Но…
Со стороны-то оценивать проще. А вот когда коснулось единственного брата…
Лечение предстояло долгое, сложное и…конечно, неприятное. Ничего хорошего в побочке от «химии» нет. Порой не у каждого хватает духу или остатков здоровья пройти до конца назначенные сеансы. Тут уж… индивидуальная реакция у каждого своя. Крепись, Ликуша. Жаль, Лерка так и не женился, теперь всё на твои плечи ляжет, ты же не бросишь…
Она не бросит.
Но уже сейчас тошно от мысли, через что придётся им пройти…
Хотелось завыть в голос. Что, если… стадия не вторая, а третья или четвёртая? Что, если эта гадская «…-ома» — самая худшая, из тех опухолей, что вообще не поддаются лечению? Что, если пойдут метастазы? А эта самая индивидуальная реакция от химиотерапии — какова окажется? А вдруг Лерка её не потянет? Господи, как страшно…
Но сейчас она ещё раз умоется, постарается убрать красноту с глаз и пойдёт, наорёт на Валерика, который наверняка после серьёзного разговора с Германом уйдёт в себя и начнёт раньше времени самозакапываться. Мужчины — они такие… У них болевой порог ниже. Она будет вправлять ему мозги, настраивать на нужный лад и скажет… скажет…
Плеснула в лицо ледяной водой.
А отплачется дома. Потом. В пустой квартире хоть волком вой — никто не услышит, соседи разъехались в отпуска.
…Лика порывисто встала, не замечая, как грохнулся резко отодвинутый стул.
Что она здесь делает, в чужом мире, в чужой жизни? Занимается ни пойми чем, читает книжечки, старательно пытаясь припомнить чужое прошлое… На кой? Вместо того, чтобы…
Закряхтел, захныкал за стеной младенец. Сердито забормотала что-то его мать, звякнуло стекло… Инстинктивно Лика затаилась, будто малейший шорох с её стороны мог потревожить малыша. Опомнившись, перевела дух. Стена-то между палатами, хоть и не капитальная, но и не фанера, добротный кирпич… В одном из углов под потолком когда-то отвалился кусок штукатурки, и теперь из-под него проглядывал характерный рисунок кладки.

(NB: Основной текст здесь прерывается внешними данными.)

(* Let $G$ be an amenable (discrete) group, let $(X,u)$ and $(Y,v)$ be $G$-spaces with $X$ $G$-complemented in its bidual, and let $\Omega:Y\curvearrowright X$ be a quasi-linear map between them. Assume that for every $g\in G$ there is a linear map $L_g:Y_{00}\to X_\infty$ such that $T_g=\begin{pmatrix}u(g)&L_g\\0&v(g)\end{pmatrix}$, i.e. $T_g(x,y)=(u(g)x+L_gy,v(g)y)$, is a bounded invertible operator on $X\oplus_\Omega Y$, with $\sup_{g\in G}\|T_g\|\|T_g^{-1}\|<\infty$. Then the action of $G$ is compatible with $\Omega$, and the associated derivation $g\mapsto d(g)$ can be chosen so that $d(g)-L_g$ maps $Y_{00}$ into $X$ with $\sup_{g}\sup_{y\in Y_{00},\|y\|\le1}\|d(g)y-L_gy\|_X<\infty$.
   Context: $G$-space: Banach space with bounded action $g\mapsto u(g)$. A quasi-linear map $\Omega:Y\curvearrowright X$ between $G$-spaces $(Y,v),(X,u)$ is a homogeneous map $\Omega:Y_{00}\to X_\infty$, with $Y_{00}\subseteq Y$ dense and $v(G)$-invariant, $X_\infty\supseteq X$ a vector space to which $u$ extends linearly, and $\|\Omega(y+y')-\Omega y-\Omega y'\|_X\le C(\|y\|+\|y'\|)$. $X\oplus_\Omega Y$ is the completion of $\{(x,y)\in X_\infty\times Y_{00}:x-\Omega y\in X\}$ under $\|x-\Omega y\|_X+\|y\|_Y$. A derivation is a map $g\mapsto d(g)$, $d(g):Y_{00}\to X_\infty$ linear, with $d(gh)=u(g)d(h)+d(g)v(h)$. The action is compatible with $\Omega$ if there is a derivation $d$ and $C$ with $\|u(g)\Omega y-\Omega v(g)y+d(g)y\|_X\le C\|y\|_Y$ for all $g,y$; equivalently $g\mapsto\begin{pmatrix}u(g)&d(g)\\0&v(g)\end{pmatrix}$ is a bounded representation on $X\oplus_\Omega Y$. $X$ is $G$-complemented in its bidual if there is a bounded projection $P:X^{**}\to X$ with $Pu(g)^{**}=u(g)P$. *)

theory Defs
  imports "HOL-Analysis.Analysis" "HOL-Algebra.Group"
begin

definition amenable :: "('g, 'b) monoid_scheme \<Rightarrow> bool" where
  "amenable G \<longleftrightarrow> (\<exists>m :: ('g \<Rightarrow> real) \<Rightarrow> real.
     (\<forall>f f'. (\<forall>x\<in>carrier G. f x = f' x) \<longrightarrow> m f = m f') \<and>
     (\<forall>f f'. bounded (f ` carrier G) \<and> bounded (f' ` carrier G) \<longrightarrow>
        m (\<lambda>x. f x + f' x) = m f + m f') \<and>
     (\<forall>c f. bounded (f ` carrier G) \<longrightarrow> m (\<lambda>x. c * f x) = c * m f) \<and>
     (\<forall>f. bounded (f ` carrier G) \<and> (\<forall>x\<in>carrier G. 0 \<le> f x) \<longrightarrow> 0 \<le> m f) \<and>
     m (\<lambda>x. 1) = 1 \<and>
     (\<forall>f g. bounded (f ` carrier G) \<and> g \<in> carrier G \<longrightarrow>
        m (\<lambda>x. f (g \<otimes>\<^bsub>G\<^esub> x)) = m f))"
(* Let $(X,\mathcal{R})$ be a partially metric association scheme with rank $d+1\geq 3$, partially metric with respect to the connected relation $R_1$, and suppose the scheme graph $\Gamma$ of $R_1$ has valency $k\geq 3$. Let $a_1=p^1_{11}$ and $b_1=p^1_{12}=k-1-a_1$. Let $E$ be a minimal scheme idempotent with multiplicity $m$ for corresponding eigenvalue $\theta\neq\pm k$. Then $$m\geq k-\frac{k(\theta+1)^2a_1(a_1+1)}{((a_1+1)\theta+k)^2+ka_1b_1},$$ with equality if and only if $E$ is a light tail.
   Context: A (symmetric) association scheme with rank $d+1$ on a finite set $X$ ($|X|=n$) is a partition $\mathcal{R}=\{R_0,\dots,R_d\}$ of $X\times X$ with $R_0$ the diagonal, each $R_i$ symmetric, and numbers $p^h_{ij}$ such that for every $(x,y)\in R_h$ the number of $z$ with $(x,z)\in R_i$, $(z,y)\in R_j$ equals $p^h_{ij}$. The scheme graph of $R_i$ ($i>0$) is the graph on $X$ with $x\sim y$ iff $(x,y)\in R_i$; its relation matrix is $A_i$ ($A_0=I$). The Bose–Mesner algebra (span of the $A_i$) has a basis of primitive (minimal scheme) idempotents $E_0=\frac1nJ,E_1,\dots,E_d$; the multiplicity of $E_j$ is its rank. If $A_1E_j=\theta_jE_j$, $\theta_j$ is the corresponding eigenvalue on $E_j$. Krein parameters $q^h_{ij}$ are defined by $E_i\circ E_j=\frac1n\sum_h q^h_{ij}E_h$ ($\circ$ = entrywise product). The scheme is $t$-partially metric with respect to a connected relation $R_1$ if, after reordering, $R_i$ is exactly the distance-$i$ relation of the scheme graph of $R_1$ for $i=1,\dots,t$; it is called partially metric if it is $2$-partially metric (or has rank 2). A minimal scheme idempotent $E=E_j$ is a light tail if the matrix $F=\sum_{h\neq 0}q^h_{jj}E_h$ is nonzero and $A_1F=\eta F$ for some real $\eta$. *)

theory Defs
  imports "HOL-Analysis.Analysis"
begin
(*
  For k = 0 part (i) is a quadratic transformation of a terminating well-poised 4F3: expand the
  well-poised ratio (a)_n (b)_n (c)_n / (n! (1+a-b)_n (1+a-c)_n) as a finite sum by the
  Pfaff-Saalschuetz theorem, interchange the two summations and evaluate the inner sum by
  Chu-Vandermonde.

  In general Q_k(n) = sum_j e_j phi_j(n) with phi_j(n) = (-n)_j (n+a)_j / (j! (b)_j (c)_j), and the
  contribution of phi_j is the k = 0 identity for the shifted parameters (a+2j, b+j, c+j, w+j, m-j).
  On the hypergeometric side the same coefficients e_j appear when the extra upper parameters are
  expanded as sum_j C(l,j) e_j (1+a-b-c)_(l-j): by Chu-Vandermonde for (1-k+a-b-c)_l in (i), and by
  Pfaff-Saalschuetz for (1-k+a-b-c)_l (k+d)_l / (d)_l in (ii).  The pairs of parameters a/2, 1/2+a/2
  and 1/2+(a-w-m)/2, 1+(a-w-m)/2 merge by the duplication formula into (a)_(2l) and (1+a-w-m)_(2l).
*)

lemma pochhammer_shift_nonzero:
  fixes z :: "'a :: field_char_0"
  assumes "z \<notin> \<int>\<^sub>\<le>\<^sub>0"
  shows "pochhammer (z + of_nat j) n \<noteq> 0"
proof
  assume "pochhammer (z + of_nat j) n = 0"
  then obtain k where "z + of_nat j + of_nat k = 0"
    by (auto simp: pochhammer_eq_0_iff eq_neg_iff_add_eq_0)
  then have "z + of_nat (j + k) = 0" by (simp add: add.assoc)
  with assms show False using plus_of_nat_eq_0_imp by blast
qed

lemma pochhammer_nonzero:
  fixes z :: "'a :: field_char_0"
  shows "z \<notin> \<int>\<^sub>\<le>\<^sub>0 \<Longrightarrow> pochhammer z n \<noteq> 0"
  using pochhammer_shift_nonzero[of z 0] by simp

lemma add_of_nat_notin_nonpos_Ints:
  fixes z :: "'a :: ring_1"
  assumes "z \<notin> \<int>\<^sub>\<le>\<^sub>0"
  shows "z + of_nat j \<notin> \<int>\<^sub>\<le>\<^sub>0"
  using nonpos_Ints_diff_Nats[of "z + of_nat j" "of_nat j"] assms by auto
lemma fact_krawtchouk_eq_kraw_poly:
  "fact k * krawtchouk M k x = poly (kraw_poly (real M) k) (real M - 2 * x)"
proof -
  have "fact k * krawtchouk M k x = poly (kraw_poly (real M) k) (real M - 2 * x) \<and>
        fact (Suc k) * krawtchouk M (Suc k) x = poly (kraw_poly (real M) (Suc k)) (real M - 2 * x)"
  proof (induction k)
    case 0
    then show ?case by (simp add: krawtchouk_def)
  next
    case (Suc k)
    have "fact (Suc (Suc k)) * krawtchouk M (Suc (Suc k)) x
        = fact (Suc k) * (real (Suc (Suc k)) * krawtchouk M (Suc (Suc k)) x)"
      by (simp add: algebra_simps)
    also have "\<dots> = (real M - 2 * x) * (fact (Suc k) * krawtchouk M (Suc k) x)
        - real (Suc k) * (real M - real k) * (fact k * krawtchouk M k x)"
      unfolding krawtchouk_rec[of "Suc k"] by (simp add: algebra_simps)
    also have "\<dots> = poly (kraw_poly (real M) (Suc (Suc k))) (real M - 2 * x)"
      using Suc.IH by (simp add: algebra_simps)
    finally show ?case using Suc.IH by simp
  qed
  then show ?thesis ..
qed

lemma Lambda_eq_roots_kraw_poly:
  assumes "2 * r \<le> n" "t \<le> r"
  shows "Lambda n r t = {mu. poly (kraw_poly (real n - 2 * real t) (Suc (r - t))) mu = 0}"
proof -
  let ?c = "real n - 2 * real t"
  let ?Q = "kraw_poly ?c (Suc (r - t))"
  have M: "real (n - 2 * t) = ?c" using assms by (simp add: of_nat_diff)
  have root_iff: "krawtchouk (n - 2 * t) (r - t + 1) x = 0 \<longleftrightarrow> poly ?Q (2 * x - ?c) = 0" for x
    using fact_krawtchouk_eq_kraw_poly[of "Suc (r - t)" "n - 2 * t" x]
      poly_kraw_poly_minus[of ?c "Suc (r - t)" "2 * x - ?c"]
    unfolding M by auto
  show ?thesis
  proof (intro set_eqI iffI)
    fix mu assume "mu \<in> {mu. poly ?Q mu = 0}"
    moreover have mu: "2 * ((mu + ?c) / 2) - ?c = mu" by (simp add: field_simps)
    ultimately have "krawtchouk (n - 2 * t) (r - t + 1) ((mu + ?c) / 2) = 0"
      using root_iff[of "(mu + ?c) / 2"] by simp
    then show "mu \<in> Lambda n r t"
      unfolding Lambda_def kraw_roots_def using mu by force
  qed (use root_iff in \<open>auto simp: Lambda_def kraw_roots_def\<close>)
qed
definition proj_normalize :: "'a::field \<times> 'a \<times> 'a \<Rightarrow> 'a \<times> 'a \<times> 'a" where
  "proj_normalize v = (case v of (x, y, z) \<Rightarrow>
     if x \<noteq> 0 then (1, y / x, z / x) else if y \<noteq> 0 then (0, 1, z / y) else (0, 0, 1))"

definition line_through :: "'a::field \<times> 'a \<times> 'a \<Rightarrow> 'a \<times> 'a \<times> 'a \<Rightarrow> 'a \<times> 'a \<times> 'a" where
  "line_through X Y = proj_normalize (cross X Y)"

lemma det3_swap12: "det3 b a c = - det3 a b c"
  by (cases a; cases b; cases c) (simp add: det3_def algebra_simps)

lemma det3_swap23: "det3 a c b = - det3 a b c"
  by (cases a; cases b; cases c) (simp add: det3_def algebra_simps)

lemma det3_rotate: "det3 c a b = det3 a b c"
  by (cases a; cases b; cases c) (simp add: det3_def algebra_simps)

lemma det3_repeated [simp]: "det3 a a b = 0" "det3 a b a = 0" "det3 a b b = 0"
  by (cases a; cases b; simp add: det3_def algebra_simps)+

lemma det3_eq_inner_cross:
  "det3 (x1, x2, x3) b c = (case cross b c of (r1, r2, r3) \<Rightarrow> r1 * x1 + r2 * x2 + r3 * x3)"
  by (cases b; cases c) (simp add: det3_def cross_def algebra_simps)

lemma incident_cross_iff: "incident a (cross b c) \<longleftrightarrow> det3 a b c = 0"
  by (cases a; cases b; cases c) (simp add: incident_def cross_def det3_def algebra_simps)

lemma det3_mult:
  fixes r11 r12 r13 r21 r22 r23 r31 r32 r33 x1 x2 x3 y1 y2 y3 z1 z2 z3 :: "'a::comm_ring_1"
  shows "det3 (r11*x1 + r12*x2 + r13*x3, r21*x1 + r22*x2 + r23*x3, r31*x1 + r32*x2 + r33*x3)
              (r11*y1 + r12*y2 + r13*y3, r21*y1 + r22*y2 + r23*y3, r31*y1 + r32*y2 + r33*y3)
              (r11*z1 + r12*z2 + r13*z3, r21*z1 + r22*z2 + r23*z3, r31*z1 + r32*z2 + r33*z3)
       = det3 (r11, r12, r13) (r21, r22, r23) (r31, r32, r33) * det3 (x1, x2, x3) (y1, y2, y3) (z1, z2, z3)"
  unfolding det3_def prod.case by (simp add: algebra_simps)

lemma det3_adjugate: "det3 (cross b p) (cross p a) (cross a b) = (det3 a b p)\<^sup>2"
  by (cases a rule: prod_cases3; cases b rule: prod_cases3; cases p rule: prod_cases3)
    (simp add: det3_def cross_def algebra_simps power2_eq_square)

text \<open>The linear forms \<open>X \<mapsto> det3 X b p\<close>, \<open>det3 a X p\<close>, \<open>det3 a b X\<close> are the rows of the
  adjugate of the matrix with columns \<open>a, b, p\<close>, hence form a change of coordinates with
  determinant \<open>(det3 a b p)\<^sup>2\<close>.\<close>
lemma det3_change_of_frame:
  fixes a b p X Y Z :: "'a::comm_ring_1 \<times> 'a \<times> 'a"
  shows "det3 (det3 X b p, det3 a X p, det3 a b X) (det3 Y b p, det3 a Y p, det3 a b Y)
              (det3 Z b p, det3 a Z p, det3 a b Z) = (det3 a b p)\<^sup>2 * det3 X Y Z"
proof -
  obtain r11 r12 r13 where r1: "cross b p = (r11, r12, r13)" by (cases "cross b p") auto
  obtain r21 r22 r23 where r2: "cross p a = (r21, r22, r23)" by (cases "cross p a") auto
  obtain r31 r32 r33 where r3: "cross a b = (r31, r32, r33)" by (cases "cross a b") auto
  have forms: "det3 (v1, v2, v3) b p = r11 * v1 + r12 * v2 + r13 * v3"
    "det3 a (v1, v2, v3) p = r21 * v1 + r22 * v2 + r23 * v3"
    "det3 a b (v1, v2, v3) = r31 * v1 + r32 * v2 + r33 * v3" for v1 v2 v3
  proof -
    show "det3 (v1, v2, v3) b p = r11 * v1 + r12 * v2 + r13 * v3"
      by (simp add: det3_eq_inner_cross r1)
    have "det3 (v1, v2, v3) p a = r21 * v1 + r22 * v2 + r23 * v3"
      by (simp add: det3_eq_inner_cross r2)
    then show "det3 a (v1, v2, v3) p = r21 * v1 + r22 * v2 + r23 * v3"
      by (simp only: det3_rotate[of a "(v1, v2, v3)" p])
    have "det3 (v1, v2, v3) a b = r31 * v1 + r32 * v2 + r33 * v3"
      by (simp add: det3_eq_inner_cross r3)
    then show "det3 a b (v1, v2, v3) = r31 * v1 + r32 * v2 + r33 * v3"
      by (simp only: det3_rotate[of "(v1, v2, v3)" a b])
  qed
  have "det3 (r11, r12, r13) (r21, r22, r23) (r31, r32, r33) = (det3 a b p)\<^sup>2"
    using det3_adjugate[of b p a] det3_rotate[of b p a] by (simp add: r1 r2 r3)
  then show ?thesis
    by (cases X; cases Y; cases Z) (simp only: forms det3_mult)
qed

Лика прикрыла глаза, унимая очередной приступ паники.
Что-то здесь не так. Должна же быть какая-то логика в её появлении в чужом мире! Вопреки традиционным сюжетам из ныне популярных романов, она… не умирала, это точно! Впрочем, ей приоткрылся лишь крохотный кусочек прошлого; утверждать без сомнения, что она попала в этот мир сразу же, как узнала о болезни брата… ну, несерьёзно, она бы не рискнула. Почему-то всё крепче становилась уверенность, что между этим фрагментом памяти и днём сегодняшним зияет порядочная брешь, которую ещё предстоит заполнить. Была ли в финале этого временного интервала проставлена жирная точка в виде её, Ликиной, смерти?
Не хотелось бы.
Она поёжилась.
Но… и не исключено. Иное тело, в котором она ныне обитает — вот факт, перечёркивающий… скажем так, почти перечеркивающий надежду. Хотя…
Кажется, она всегда была оптимисткой. Потому что даже сейчас подумала: минуточку, а не рано я себя хороню-то, причём буквально? Я же узнала всего ничего; рано делать выводы, рано! Ах, хоть бы ещё кусочек воспоминаний, хоть бы на что-то опереться, зацепиться, ухватиться! Так бы и вытащить всё, как цепь звено за звеном, виток за витком…
…В детстве она упала в колодец.
Воспоминание пришло неожиданное, яркое и… казалось, совершенно не ко времени. Но оно было. Как и когда-то колодец напротив бабушкиного деревенского дома, старый, обложенный вкруговую красным потрескавшимся кирпичом. Одна широкая трещина и целый рой мелких уснащали древний скрипучий ворот, на который виток за витком наматывалась толстая цепь. Она тянулась из скрытых от дневного света колодезных недр, словно от самого земного ядра, сперва сухая, затем мокрая, и вот, наконец, роняя тяжёлые струи и крупные капли с замшелых боков, выныривала тяжёлая бадья… Маленькой Лике не разрешали её перехватывать, да и не удивительно: двухведерная ёмкость, рассчитанная на мужицкие ручищи, запросто утянула бы за собой белобрысую пигалицу. Мелкой разрешали смотреть, давали отпить прямо с края бадьи — ах, какая это была необыкновенно вкусная, сладкая, но холоднющая вода! — но одной даже подходить к колодцу запрещали.